Information forwarded to bug-gnu-emacs <at> gnu.org:
bug#21816; Package emacs. (Wed, 04 Nov 2015 10:02:02 GMT) Full text and rfc822 format available.

Message #170 received at 21816 <at> debbugs.gnu.org (full text, mbox):

From: Stephen Leake <stephen_leake <at> stephe-leake.org>
To: Eli Zaretskii <eliz <at> gnu.org>
Cc: lekktu <at> gmail.com, 21816 <at> debbugs.gnu.org, dgutov <at> yandex.ru
Subject: Re: bug#21816: elisp-mode-tests fails on a case-preserving filesystem
Date: Wed, 04 Nov 2015 04:00:58 -0600
Eli Zaretskii <eliz <at> gnu.org> writes:

>> From: Stephen Leake <stephen_leake <at> stephe-leake.org>
>> Cc: dgutov <at> yandex.ru,  lekktu <at> gmail.com,  21816 <at> debbugs.gnu.org
>> Date: Tue, 03 Nov 2015 15:58:49 -0600
>> 
>> Eli Zaretskii <eliz <at> gnu.org> writes:
>> 
>> >> From: Stephen Leake <stephen_leake <at> stephe-leake.org>
>> >> Cc: Juanma Barranquero <lekktu <at> gmail.com>, Eli Zaretskii
>> >> <eliz <at> gnu.org>, 21816 <at> debbugs.gnu.org
>> >> Date: Tue, 03 Nov 2015 13:54:21 -0600
>> >> 
>> >>    If the file name identifies an existing file, convert the file name
>> >>    casing to match the actual file name casing.
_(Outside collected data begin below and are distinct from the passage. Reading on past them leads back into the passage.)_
lemma abs_max_diff_le: "\<bar>max a b - max a' b'\<bar> \<le> max \<bar>a - a'\<bar> \<bar>b - b'\<bar>" for a b :: real
  by (simp add: max_def abs_if)

locale debt_network =
  fixes M N d e :: real
  assumes M: "0 \<le> M" "M < 1" and N: "0 \<le> N" "N < 1" and d: "0 < d" and e: "0 < e"
begin

lemma swap: "debt_network N M e d"
  using M N d e by unfold_locales

lemma denom_pos: "0 < 1 - M * N"
proof -
  have "M * N \<le> M" using M N by (simp add: mult_left_le)
  with M show ?thesis by simp
qed

lemma clearing_debt_fixpoint: "clearing_debt M N d e x y = min d (x + M * clearing_debt N M e d y x)"
proof -
  define b where "b = x + M * y"
  define D where "D = 1 - M * N"
  have D: "0 < D" using denom_pos by (simp add: D_def)
  have "x + M * ((y + N * x) / (1 - N * M)) = b / D"
    using D by (simp add: b_def D_def field_simps)
  then have "min d (x + M * clearing_debt N M e d y x)
      = min (x + M * e) (min d (min (b + M * N * d) (b / D)))"
    using M(1) unfolding clearing_debt_def
    by (simp add: min_mult_distrib_left min_add_distrib_left b_def algebra_simps min.left_commute)
  also have "min d (min (b + M * N * d) (b / D)) = min d (b / D)"
  proof (cases "b \<le> D * d")
    case True
    moreover have "M * N * b \<le> M * N * (D * d)"
      using True M N by (simp add: mult_left_mono)
    ultimately have "b / D \<le> d" "b / D \<le> b + M * N * d"
      using D by (simp_all add: divide_le_eq mult.commute) (simp add: D_def algebra_simps)
    then show ?thesis by simp
  next
    case False
    then have "d < b / D" "d < b + M * N * d"
      using D by (auto simp: less_divide_eq D_def algebra_simps mult.commute)
    then show ?thesis by simp
  qed
  finally show ?thesis
    by (simp add: clearing_debt_def b_def D_def min.left_commute)
qed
If not, no case
>> >>    conversion is done.
>> >
>> > For existing files we have file-equal-p, which is more general.  
>> 
>> You missed the context; we have switched from discussing how to compare
>> file names to how to canonicalize a file name, in order to simplify the
>> comparison.
>
> I'm still trying to convince you that this is a dead end: you cannot
> trust user-extensible code to comply with such requirements, on
> filesystems where "canonicalized file name" is not well defined.

We can provide a `file-canonical-name' that does something useful on all
systems.

I believe the notion of "canonical file name" is well defined for
existing files on all systems we care about; is that not true?
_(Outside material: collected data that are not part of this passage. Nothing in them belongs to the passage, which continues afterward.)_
lemma walk_prod_descending_rev:
  "set (a # L) \<subseteq> GamAll X \<Longrightarrow> successively (\<lambda>x y. child y x) (a # L) \<Longrightarrow>
   omult (walk_prod \<phi> (a # L)) (walk_prod \<phi> (rev (a # L))) = \<phi> a"
proof (induction L arbitrary: a)
  case Nil
  then show ?case using idem[of a] by simp
next
  case (Cons b L)
  have IH: "omult (walk_prod \<phi> (b # L)) (walk_prod \<phi> (rev (b # L))) = \<phi> b"
    using Cons by simp
  have rev_prod: "walk_prod \<phi> (rev (a # b # L)) = omult (walk_prod \<phi> (rev (b # L))) (\<phi> a)"
    by (simp add: omult.assoc)
  have "omult (walk_prod \<phi> (a # b # L)) (walk_prod \<phi> (rev (a # b # L)))
      = omult (omult (\<phi> a) (omult (walk_prod \<phi> (b # L)) (walk_prod \<phi> (rev (b # L))))) (\<phi> a)"
    by (simp only: rev_prod walk_prod_simps(2)[of \<phi> a "b # L"] omult.assoc)
  also have "\<dots> = \<phi> a" using IH child_absorb[of b a] Cons.prems by simp
  finally show ?case .
qed

text \<open>Split P at its peak m into an ascending part U and a descending part D: the products of
  rev U @ U and of (m # D) @ rev (m # D) both collapse to phi m by child_absorb.\<close>
lemma valley_free_walk_prod_regular:
  assumes P: "walk_between X u v P" "valley_free P"
  shows "omult (omult (walk_prod \<phi> P) (walk_prod \<phi> (rev P))) (walk_prod \<phi> P) = walk_prod \<phi> P"
proof -
  have "successively adjacent P" "P \<noteq> []" using P(1) by (auto simp: walk_between_def)
  then obtain U D where UD: "P = U @ D" "U \<noteq> []" "successively child U"
    "successively (\<lambda>a b. child b a) (last U # D)"
    using valley_free_ascends_then_descends P(2) by blast
  define m where "m = last U"
  have G: "set (m # D) \<subseteq> GamAll X" "set (rev U) \<subseteq> GamAll X"
    using P(1) UD(1,2) unfolding m_def walk_between_def by auto
  have "hd (rev U) = m" "rev U \<noteq> []" using UD(2) by (simp_all add: m_def hd_rev)
  then obtain U' where U': "rev U = m # U'" by (cases "rev U") auto
  have up: "omult (walk_prod \<phi> (rev U)) (walk_prod \<phi> U) = \<phi> m"
    using walk_prod_descending_rev[of m U'] G(2) UD(3) unfolding U'
    by (metis U' rev_rev_ident successively_rev)
  have down: "omult (walk_prod \<phi> (m # D)) (walk_prod \<phi> (rev (m # D))) = \<phi> m"
    using walk_prod_descending_rev[of m D] G(1) UD(4) m_def by simp
  have "m \<in> GamAll X" using G(1) by simp
  then have peak: "omult (walk_prod \<phi> U) (\<phi> m) = walk_prod \<phi> U"
    using walk_prod_absorbs_last[OF UD(2)] m_def by simp
  have up': "omult (walk_prod \<phi> (rev U)) (omult (walk_prod \<phi> U) z) = omult (\<phi> m) z" for z
    using up by (metis omult.assoc)
  have down': "omult (\<phi> m) (omult (walk_prod \<phi> D) (omult (walk_prod \<phi> (rev D)) (omult (\<phi> m) z)))
      = omult (\<phi> m) z" for z
    using down by (simp add: omult.assoc) (metis omult.assoc)
  have peak': "omult (walk_prod \<phi> U) (omult (\<phi> m) z) = omult (walk_prod \<phi> U) z" for z
    using peak by (metis omult.assoc)
  have "omult (omult (walk_prod \<phi> P) (walk_prod \<phi> (rev P))) (walk_prod \<phi> P)
     = omult (walk_prod \<phi> U) (omult (walk_prod \<phi> D) (omult (walk_prod \<phi> (rev D))
         (omult (walk_prod \<phi> (rev U)) (omult (walk_prod \<phi> U) (walk_prod \<phi> D)))))"
    using UD(1) by (simp add: omult.assoc)
  also have "\<dots> = omult (walk_prod \<phi> U) (omult (\<phi> m) (omult (walk_prod \<phi> D)
      (omult (walk_prod \<phi> (rev D)) (omult (\<phi> m) (walk_prod \<phi> D)))))"
    by (simp only: up' peak')
  also have "\<dots> = walk_prod \<phi> P"
    using UD(1) by (simp only: down' peak' walk_prod_append)
  finally show ?thesis .
qed

lemma walk_prod_backtrack:
  assumes "child b a" "a \<in> GamAll X"
  shows "walk_prod \<phi> (xs @ a # b # a # ys) = walk_prod \<phi> (xs @ a # ys)"
proof -
  have "omult (\<phi> a) (omult (\<phi> b) (omult (\<phi> a) z)) = omult (\<phi> a) z" for z
    using child_absorb[OF assms] by (metis omult.assoc)
  then show ?thesis by simp
qed

lemma walk_prod_lift_valley:
  assumes "Tri c b a \<in> GamAll X" "b \<in> GamAll X"
  shows "walk_prod \<phi> (xs @ a # Tri c b a # c # ys) = walk_prod \<phi> (xs @ a # b # c # ys)"
proof -
  have "omult (\<phi> a) (omult (\<phi> (Tri c b a)) (omult (\<phi> c) z))
      = omult (\<phi> a) (omult (\<phi> b) (omult (\<phi> c) z))" for z
    using Sand_middle_factor[OF Tri_Sand[OF assms(1)] idem[OF assms(2)]] by (metis omult.assoc)
  then show ?thesis by simp
qed

lemma remove_valley:
  assumes P: "walk_between X u v P" and "\<not> valley_free P"
  shows "\<exists>P'. walk_between X u v P' \<and> walk_prod \<phi> P' = walk_prod \<phi> P \<and> (P', P) \<in> walk_measure"
proof -
  obtain xs a b c ys where P_eq: "P = xs @ a # b # c # ys" and ba: "child b a" and bc: "child b c"
    using not_valley_free assms(2) by blast
  have G: "a \<in> GamAll X" "b \<in> GamAll X" "c \<in> GamAll X"
    using P P_eq by (auto simp: walk_between_def)
  show ?thesis
  proof (cases "a = c")
    case True
    define P' where "P' = xs @ a # ys"
    have "walk_prod \<phi> P' = walk_prod \<phi> P"
      using walk_prod_backtrack[OF ba G(1)] by (simp add: P_eq P'_def True)
    moreover have "walk_between X u v P'"
      using P walk_between_append[of X u a "xs @ [a]" v "a # ys"] walk_between_split[of X u v]
      unfolding P_eq P'_def True by (metis append_Cons append_Nil append_assoc list.sel(3))
    moreover have "(P', P) \<in> walk_measure" by (simp add: P_eq P'_def walk_measure_def)
    ultimately show ?thesis by blast
  next
    case False
    define k where "k = Tri c b a"
    have k: "k \<in> GamAll X" "child a k" "child c k"
      using G False ba bc by (auto simp: k_def Tri_in_GamAll_iff)
    define P' where "P' = xs @ a # k # c # ys"
    have "walk_between X a c [a, k, c]"
      using G k by (auto simp: walk_between_def adjacent_def)
    then have walk: "walk_between X u v P'"
      using P walk_between_split[of X u v "xs @ [a, b]" c ys] walk_between_split[of X u v xs a "b # c # ys"]
        walk_between_append[of X u a "xs @ [a]" c "[a, k, c]"] walk_between_append[of X u c _ v "c # ys"]
      unfolding P_eq P'_def by fastforce
    have "walk_prod \<phi> P' = walk_prod \<phi> P"
      using walk_prod_lift_valley[OF k(1)[unfolded k_def] G(2)] by (simp add: P_eq P'_def k_def)
    moreover have "height_sum P' = height_sum P + 2"
      using child_GamAll(2)[OF ba G(1)] child_GamAll(2)[OF bc G(3)]
      by (simp add: P_eq P'_def k_def height_sum_def)
    moreover have "hd P' = hd P" "length P' = length P" by (cases xs; simp add: P_eq P'_def)+
    moreover have "height_sum P' \<le> length P' * (height u + length P')"
      using height_sum_walk_le[OF walk] .
    moreover have "hd P = u" using P by (simp add: walk_between_def)
    ultimately show ?thesis using walk by (auto simp: walk_measure_def)
  qed
qed

lemma valley_free_walk_exists:
  "walk_between X u v P \<Longrightarrow> \<exists>M. walk_between X u v M \<and> valley_free M \<and> walk_prod \<phi> M = walk_prod \<phi> P"
proof (induction P rule: wf_induct[OF wf_walk_measure])
  case (1 P)
  show ?case
  proof (cases "valley_free P")
    case False
    then obtain P' where "walk_between X u v P'" "walk_prod \<phi> P' = walk_prod \<phi> P" "(P', P) \<in> walk_measure"
      using remove_valley "1.prems" by blast
    then show ?thesis using "1.IH" by metis
  qed (use "1.prems" in blast)
qed

definition walk_products :: "'b set" where
  "walk_products = {t. \<exists>u v P. u \<noteq> One \<and> v \<noteq> One \<and> walk_between X u v P \<and> walk_prod \<phi> P = Some t}"

lemma skeleton_subset_walk_products: "skeleton_of X \<phi> \<subseteq> walk_products"
proof
  fix t assume "t \<in> skeleton_of X \<phi>"
  then obtain g where "g \<in> GamAll X" "g \<noteq> One" "\<phi> g = Some t"
    unfolding skeleton_of_def by force
  then show "t \<in> walk_products" unfolding walk_products_def
    by (intro CollectI exI[of _ g] exI[of _ "[g]"]) (auto simp: walk_between_def)
qed

lemma subsemigroup_walk_products: "subsemigroup walk_products"
  unfolding subsemigroup_def
proof (intro ballI)
  fix s t assume "s \<in> walk_products" "t \<in> walk_products"
  then obtain u v P u' v' Q where
    P: "u \<noteq> One" "walk_between X u v P" "walk_prod \<phi> P = Some s" and
    Q: "v' \<noteq> One" "walk_between X u' v' Q" "walk_prod \<phi> Q = Some t"
    unfolding walk_products_def by blast
  have G: "v \<in> GamAll X" "u' \<in> GamAll X"
    using P(2) Q(2) last_in_set[of P] hd_in_set[of Q] by (auto simp: walk_between_def)
  define AQ where "AQ = ascent u' @ tl Q"
  have AQ: "walk_between X One v' AQ" "walk_prod \<phi> AQ = walk_prod \<phi> Q"
    using walk_between_append[OF walk_between_ascent[OF G(2)] Q(2)]
      walk_prod_join[OF walk_between_ascent[OF G(2)] Q(2)] walk_prod_ascent[OF G(2)]
      walk_prod_absorbs_hd[of Q] Q(2) G(2)
    by (auto simp: AQ_def walk_between_def)
  define DAQ where "DAQ = descent v @ tl AQ"
  have DAQ: "walk_between X v v' DAQ" "walk_prod \<phi> DAQ = omult (\<phi> v) (walk_prod \<phi> Q)"
    using walk_between_append[OF walk_between_descent[OF G(1)] AQ(1)]
      walk_prod_join[OF walk_between_descent[OF G(1)] AQ(1)] walk_prod_descent[OF G(1)] AQ(2)
    by (auto simp: DAQ_def)
  define W where "W = P @ tl DAQ"
  have "walk_prod \<phi> W = omult (omult (walk_prod \<phi> P) (\<phi> v)) (walk_prod \<phi> Q)"
    using walk_prod_join[OF P(2) DAQ(1)] DAQ(2) by (simp add: W_def omult.assoc)
  also have "\<dots> = Some (s * t)"
    using walk_prod_absorbs_last[of P] P(2,3) Q(3) G(1) by (auto simp: walk_between_def)
  finally show "s * t \<in> walk_products"
    using walk_between_append[OF P(2) DAQ(1)] P(1) Q(1) unfolding walk_products_def W_def by blast
qed

lemma walk_prod_in_generated:
  "L \<noteq> [] \<Longrightarrow> set L \<subseteq> GamAll X - {One} \<Longrightarrow> \<exists>x\<in>generated (skeleton_of X \<phi>). walk_prod \<phi> L = Some x"
proof (induction L)
  case (Cons g L)
  have "\<phi> g \<noteq> None" using not_None Cons.prems by auto
  then obtain s where s: "\<phi> g = Some s" by blast
  then have "s \<in> skeleton_of X \<phi>" using Cons.prems unfolding skeleton_of_def by force
  then have s_gen: "s \<in> generated (skeleton_of X \<phi>)" using generated_superset by blast
  show ?case
  proof (cases "L = []")
    case False
    then obtain x where "x \<in> generated (skeleton_of X \<phi>)" "walk_prod \<phi> L = Some x"
      using Cons by auto
    then show ?thesis using s s_gen generated_subsemigroup by (auto simp: subsemigroup_def)
  qed (use s s_gen in simp)
qed simp

theorem regular_generated_skeleton: "regular_set (generated (skeleton_of X \<phi>))"
  unfolding regular_set_def
proof
  fix a assume "a \<in> generated (skeleton_of X \<phi>)"
  then have "a \<in> walk_products"
    using generated_least[OF subsemigroup_walk_products skeleton_subset_walk_products] by blast
  then obtain u v P where P: "u \<noteq> One" "v \<noteq> One" "walk_between X u v P" "walk_prod \<phi> P = Some a"
    unfolding walk_products_def by blast
  obtain M where M: "walk_between X u v M" "valley_free M" "walk_prod \<phi> M = Some a"
    using valley_free_walk_exists[OF P(3)] P(4) by auto
  have "One \<notin> set M" using valley_free_walk_avoids_One M(1,2) P(1,2) by blast
  then have "rev M \<noteq> []" "set (rev M) \<subseteq> GamAll X - {One}" using M(1) by (auto simp: walk_between_def)
  then obtain x where x: "x \<in> generated (skeleton_of X \<phi>)" "walk_prod \<phi> (rev M) = Some x"
    using walk_prod_in_generated by blast
  have "a * x * a = a" using valley_free_walk_prod_regular[OF M(1,2)] M(3) x(2) by simp
  then show "\<exists>x\<in>generated (skeleton_of X \<phi>). a * x * a = a" using x(1) by blast
qed

end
For non-existing files, I don't think there is a real problem in
practice (see other email); can you present a use case where there is?
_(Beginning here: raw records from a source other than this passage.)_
lemma pindep_forward_diamond_parL:
  assumes step: "fstep X th X'" "pkey th \<notin> keys Y"
    and IH: "\<And>b R. fstep X b R \<Longrightarrow> pindep th b \<Longrightarrow> \<exists>S. fstep X' b S \<and> fstep R th S"
    and other: "fstep (Par X Y) b R" "pindep (PPfx (DPar SL) th) b"
  shows "\<exists>S. fstep (Par X' Y) b S \<and> fstep R (PPfx (DPar SL) th) S"
  using other(2)
proof (cases rule: pindep_PPar_cases)
  case (same b0)
  with other(1) obtain R0 where R: "R = Par R0 Y" "fstep X b0 R0" "pkey b0 \<notin> keys Y"
    by (auto simp: fstep_from_Par)
  from IH[OF R(2)] same obtain S where "fstep X' b0 S" "fstep R0 th S" by blast
  with R same step show ?thesis by (auto intro!: exI[of _ "Par S Y"] fstep.intros)
next
  case (opposite b0)
  with other(1) obtain R0 where R: "R = Par X R0" "fstep Y b0 R0" "pkey b0 \<notin> keys X"
    by (auto simp: fstep_from_Par)
  with opposite step fstep_keys[OF step(1)] fstep_keys[OF R(2)] show ?thesis
    by (auto intro!: exI[of _ "Par X' R0"] fstep.intros)
next
  case (syn b1 b2)
  with other(1) obtain R1 R2 l where R: "R = Par R1 R2" "fstep X b1 R1" "fstep Y b2 R2"
      "ell b1 = Vis l" "ell b2 = Vis (bar l)" "pkey b1 = pkey b2"
    by (auto simp: fstep_from_Par)
  from IH[OF R(2)] syn obtain S where S: "fstep X' b1 S" "fstep R1 th S" by auto
  have "pkey th \<noteq> pkey b1" using pindep_fstep_pkey_neq[OF _ step(1) R(2)] syn by auto
  with R syn S step fstep_keys[OF R(3)] show ?thesis
    by (auto intro!: exI[of _ "Par S R2"] fstep.intros)
qed

lemma pindep_forward_diamond_parR:
  assumes step: "fstep X th X'" "pkey th \<notin> keys Y"
    and IH: "\<And>b R. fstep X b R \<Longrightarrow> pindep th b \<Longrightarrow> \<exists>S. fstep X' b S \<and> fstep R th S"
    and other: "fstep (Par Y X) b R" "pindep (PPfx (DPar SR) th) b"
  shows "\<exists>S. fstep (Par Y X') b S \<and> fstep R (PPfx (DPar SR) th) S"
  using other(2)
proof (cases rule: pindep_PPar_cases)
  case (same b0)
  with other(1) obtain R0 where R: "R = Par Y R0" "fstep X b0 R0" "pkey b0 \<notin> keys Y"
    by (auto simp: fstep_from_Par)
  from IH[OF R(2)] same obtain S where "fstep X' b0 S" "fstep R0 th S" by blast
  with R same step show ?thesis by (auto intro!: exI[of _ "Par Y S"] fstep.intros)
next
  case (opposite b0)
  with other(1) obtain R0 where R: "R = Par R0 X" "fstep Y b0 R0" "pkey b0 \<notin> keys X"
    by (auto simp: fstep_from_Par)
  with opposite step fstep_keys[OF step(1)] fstep_keys[OF R(2)] show ?thesis
    by (auto intro!: exI[of _ "Par R0 X'"] fstep.intros)
next
  case (syn b1 b2)
  with other(1) obtain R1 R2 l where R: "R = Par R1 R2" "fstep Y b1 R1" "fstep X b2 R2"
      "ell b1 = Vis l" "ell b2 = Vis (bar l)" "pkey b1 = pkey b2"
    by (auto simp: fstep_from_Par)
  from IH[OF R(3)] syn obtain S where S: "fstep X' b2 S" "fstep R2 th S" by auto
  have "pkey th \<noteq> pkey b2" using pindep_fstep_pkey_neq[OF _ step(1) R(3)] syn by auto
  with R syn S step fstep_keys[OF R(2)] show ?thesis
    by (auto intro!: exI[of _ "Par R1 S"] fstep.intros)
qed

lemma pindep_forward_diamond_syn:
  assumes step: "fstep X th1 X'" "fstep Y th2 Y'" "ell th1 = Vis l" "ell th2 = Vis (bar l)"
      "pkey th1 = pkey th2"
    and IH1: "\<And>b R. fstep X b R \<Longrightarrow> pindep th1 b \<Longrightarrow> \<exists>S. fstep X' b S \<and> fstep R th1 S"
    and IH2: "\<And>b R. fstep Y b R \<Longrightarrow> pindep th2 b \<Longrightarrow> \<exists>S. fstep Y' b S \<and> fstep R th2 S"
    and other: "fstep (Par X Y) b R" "pindep (PSyn th1 th2) b"
  shows "\<exists>S. fstep (Par X' Y') b S \<and> fstep R (PSyn th1 th2) S"
  using other(2)
proof (cases rule: pindep_PSyn_cases)
  case (left b0)
  with other(1) obtain R0 where R: "R = Par R0 Y" "fstep X b0 R0" "pkey b0 \<notin> keys Y"
    by (auto simp: fstep_from_Par)
  from IH1[OF R(2)] left obtain S where S: "fstep X' b0 S" "fstep R0 th1 S" by auto
  have "pkey th1 \<noteq> pkey b0" using pindep_fstep_pkey_neq[OF _ step(1) R(2)] left by auto
  with R left S step fstep_keys[OF step(2)] show ?thesis
    by (auto intro!: exI[of _ "Par S Y'"] fstep.intros)
next
  case (right b0)
  with other(1) obtain R0 where R: "R = Par X R0" "fstep Y b0 R0" "pkey b0 \<notin> keys X"
    by (auto simp: fstep_from_Par)
  from IH2[OF R(2)] right obtain S where S: "fstep Y' b0 S" "fstep R0 th2 S" by auto
  have "pkey th2 \<noteq> pkey b0" using pindep_fstep_pkey_neq[OF _ step(2) R(2)] right by auto
  with R right S step fstep_keys[OF step(1)] show ?thesis
    by (auto intro!: exI[of _ "Par X' S"] fstep.intros)
next
  case (syn b1 b2)
  with other(1) obtain R1 R2 l' where R: "R = Par R1 R2" "fstep X b1 R1" "fstep Y b2 R2"
      "ell b1 = Vis l'" "ell b2 = Vis (bar l')" "pkey b1 = pkey b2"
    by (auto simp: fstep_from_Par)
  from IH1[OF R(2)] syn obtain S1 where S1: "fstep X' b1 S1" "fstep R1 th1 S1" by auto
  from IH2[OF R(3)] syn obtain S2 where S2: "fstep Y' b2 S2" "fstep R2 th2 S2" by auto
  with R syn step S1 show ?thesis by (auto intro!: exI[of _ "Par S1 S2"] fstep.intros)
qed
The file-equal-p option does not fix the problem in xref--analyze, since
that is comparing the result of `xref-location-group', which is yet more
user-extensible code; for xref-elisp-location, that is the file name
slot of the location. Using file-canonical-name in xref-location-group
implemetations would fix this; using it in make-xref-location fixes it
in a more robust and consistent way.


To summarize:

The problem is comparing xrefs directly (for sorting and testing),
comparing the result of xref-location-group (for sorting), and possibly
comparing results of other xref access functions in the future. Note
that any filenames in xrefs identify existing files, except in
artifically constructed tests.

I believe the two alternatives being proposed are:

1) Use `file-equal-p'

- Provide a cl-defgeneric `xref-location-equal-p' for the root
  xref-location type.

- For each type that inherits from xref-location, provide an
  implementation of `xref-location-equal-p' that uses `file-equal-p' for
  each file name.

- Provide a cl-defmethod `xref-equal-p' for the root xref type that uses
  `xref-location-equal-p' for the location.

- For each type that inherits from xref, provide an implementation of
  `xref-equal-p' that uses `xref-location-equal-p' for each location.


2) Use `file-canonical-name'

- A canonical file name has the following features:

  It contains forward slashes for directory separators.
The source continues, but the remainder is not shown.